Headlines About the Economy

It’s Friday and that means it’s time to review the latest economic data and identify which pockets of the economy are heating up and which are slowing down. Don’t worry about catching every headline and every report throughout the week—I recap all of the most important news impacting your wealth right here every Friday. Let’s take a look at this week’s big headlines:

Consumer Credit Rises Slightly

In January, consumer borrowing rose by $10.5 billion. This came below economists’ estimates of a $16.5 billion increase, and represented a deceleration from December’s $21.4 billion increase. Revolving debt, which includes credit cards, actually fell $1.1 billion. Meanwhile, non-revolving debt, which includes student and auto loans, jumped $11.6 billion. In dollar terms, consumer credit rose at the slowest rate since November 2013. And the last time that revolving debt fell was 11 months ago. However, given the significant increase we saw in December, it’s understandable that borrowing activity slowed down somewhat in January.

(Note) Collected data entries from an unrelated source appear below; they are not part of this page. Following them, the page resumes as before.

lemma sum_transversal_pairs_overlaps:
  fixes r :: real
  shows "(\<Sum>(v, w)\<in>transversals \<times> transversals. \<Sum>J | J \<subseteq> agree v w \<and> 2 \<le> card J. r ^ card J)
           = real (card transversals) ^ 2 *
             (\<Sum>J | J \<subseteq> {1..m} \<and> 2 \<le> card J. (r / real part_size) ^ card J)"
proof -
  let ?JJ = "{J. J \<subseteq> {1..m} \<and> 2 \<le> card J}"
  have "(\<Sum>(v, w)\<in>transversals \<times> transversals. \<Sum>J | J \<subseteq> agree v w \<and> 2 \<le> card J. r ^ card J)
      = (\<Sum>x\<in>transversals \<times> transversals. \<Sum>J\<in>{J \<in> ?JJ. J \<subseteq> agree (fst x) (snd x)}. r ^ card J)"
    unfolding case_prod_beta by (intro sum.cong refl arg_cong[where f = "\<lambda>A. sum _ A"]) (auto simp: agree_def)
  also have "\<dots> = (\<Sum>J\<in>?JJ. \<Sum>x\<in>{x \<in> transversals \<times> transversals. J \<subseteq> agree (fst x) (snd x)}. r ^ card J)"
    using finite_transversals by (intro sum.swap_restrict) auto
  also have "\<dots> = (\<Sum>J\<in>?JJ. real (part_size ^ m * part_size ^ (m - card J)) * r ^ card J)"
  proof (intro sum.cong refl)
    fix J assume "J \<in> ?JJ"
    moreover have "{x \<in> transversals \<times> transversals. J \<subseteq> agree (fst x) (snd x)}
        = {(v, w) \<in> transversals \<times> transversals. J \<subseteq> agree v w}"
      by auto
    ultimately show "(\<Sum>x\<in>{x \<in> transversals \<times> transversals. J \<subseteq> agree (fst x) (snd x)}. r ^ card J)
        = real (part_size ^ m * part_size ^ (m - card J)) * r ^ card J"
      using card_transversal_pairs_agreeing[of J] by simp
  qed
  also have "\<dots> = (\<Sum>J\<in>?JJ. real (card transversals) ^ 2 * (r / real part_size) ^ card J)"
  proof (intro sum.cong refl)
    fix J assume "J \<in> ?JJ"
    then have "card J \<le> m"
      using card_mono[of "{1..m}" J] by auto
    then have "real part_size ^ m = real part_size ^ card J * real part_size ^ (m - card J)"
      by (simp flip: power_add)
    then show "real (part_size ^ m * part_size ^ (m - card J)) * r ^ card J
        = real (card transversals) ^ 2 * (r / real part_size) ^ card J"
      using part_size_pos by (simp add: card_transversals power_divide power2_eq_square)
  qed
  finally show ?thesis
    by (simp add: sum_distrib_left)
qed

lemma variance_copy_count_le:
  assumes bal: "balanced EH {1..m}" and mp: "real m ^ 2 * p \<le> 1/7"
    and small: "real m ^ 2 * p powr (- avg_degree EH {1..m} / 2) / real n \<le> 1/2"
  shows "measure_pmf.variance (Gnp n p) copy_count
           \<le> 7/3 * measure_pmf.expectation (Gnp n p) copy_count ^ 2
                 * (real m ^ 2 * p powr (- avg_degree EH {1..m} / 2) / real n) ^ 2"
proof -
  let ?r = "p powr (- avg_degree EH {1..m} / 2)"
  let ?y = "?r / real part_size"
  have "real n = real part_size * real m"
    using n_eq_part_size_mult of_nat_mult by metis
  then have my: "real m * ?y = real m ^ 2 * ?r / real n"
    using m_pos part_size_pos by (simp add: power2_eq_square)
  have "measure_pmf.variance (Gnp n p) copy_count
      \<le> (\<Sum>(v, w)\<in>transversals \<times> transversals.
            7/6 * copy_prob ^ 2 * (\<Sum>J | J \<subseteq> agree v w \<and> 2 \<le> card J. ?r ^ card J))"
    unfolding variance_copy_count case_prod_beta
    by (intro sum_mono covariance_le[OF bal mp]) auto
  also have "\<dots> = 7/6 * copy_prob ^ 2 *
      (\<Sum>(v, w)\<in>transversals \<times> transversals. \<Sum>J | J \<subseteq> agree v w \<and> 2 \<le> card J. ?r ^ card J)"
    by (simp add: sum_distrib_left case_prod_unfold)
  also have "\<dots> = 7/6 * copy_prob ^ 2 * real (card transversals) ^ 2
                    * (\<Sum>J | J \<subseteq> {1..m} \<and> 2 \<le> card J. ?y ^ card J)"
    by (simp only: sum_transversal_pairs_overlaps mult.assoc)
  also have "\<dots> \<le> 7/6 * copy_prob ^ 2 * real (card transversals) ^ 2 * (2 * (real m * ?y) ^ 2)"
  proof (intro mult_left_mono)
    have "real m * ?y \<le> 1/2"
      using small my by simp
    then show "(\<Sum>J | J \<subseteq> {1..m} \<and> 2 \<le> card J. ?y ^ card J) \<le> 2 * (real m * ?y) ^ 2"
      using sum_power_card_subsets_le[of "{1..m}" ?y] part_size_pos p_pos by simp
  qed simp
  also have "\<dots> = 7/3 * (real (card transversals) * copy_prob) ^ 2 * (real m * ?y) ^ 2"
    by (simp add: power_mult_distrib)
  finally show ?thesis
    unfolding expectation_copy_count my .
qed

lemma prob_copy_count_le:
  assumes bal: "balanced EH {1..m}" and mp: "real m ^ 2 * p \<le> 1/7"
    and small: "real m ^ 2 * p powr (- avg_degree EH {1..m} / 2) / real n \<le> 1/2"
    and "\<beta> < 1"
  shows "measure_pmf.prob (Gnp n p)
           {G. copy_count G \<le> \<beta> * measure_pmf.expectation (Gnp n p) copy_count}
         \<le> 7/3 * (real m ^ 2 * p powr (- avg_degree EH {1..m} / 2) / real n) ^ 2 / (1 - \<beta>) ^ 2"
proof -
  let ?E = "measure_pmf.expectation (Gnp n p) copy_count"
  have "0 < ?E"
    using part_size_pos copy_prob_pos by (simp add: expectation_copy_count card_transversals)
  then have "measure_pmf.prob (Gnp n p) {G. copy_count G \<le> \<beta> * ?E}
      \<le> measure_pmf.variance (Gnp n p) copy_count / ((1 - \<beta>) * ?E) ^ 2"
    using measure_pmf.prob_le_fraction_of_expectation[where X = copy_count] assms(4) by simp
  also have "\<dots> \<le> 7/3 * ?E ^ 2 * (real m ^ 2 * p powr (- avg_degree EH {1..m} / 2) / real n) ^ 2
                    / ((1 - \<beta>) * ?E) ^ 2"
    by (intro divide_right_mono variance_copy_count_le[OF bal mp small]) simp
  also have "\<dots> = 7/3 * (real m ^ 2 * p powr (- avg_degree EH {1..m} / 2) / real n) ^ 2 / (1 - \<beta>) ^ 2"
    using \<open>0 < ?E\<close> by (simp add: power_mult_distrib)
  finally show ?thesis .
qed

Wholesale Inventories Increase

In January, wholesale inventories increased 0.3%. This surprised economists, as the consensus called for a 0.2% decline. December’s inventories were also revised to reflect no change, compared with the previously reported 0.1% decrease. At the same time, sales at wholesalers fell 1.3%, following a 0.6% dip in December. At the current sales pace, wholesalers have enough in inventory to last 1.35 months. With sales on the decline, wholesalers are having a tougher time clearing their shelves. As a result, economists expect the inventory accumulation to weigh on 2016 GDP.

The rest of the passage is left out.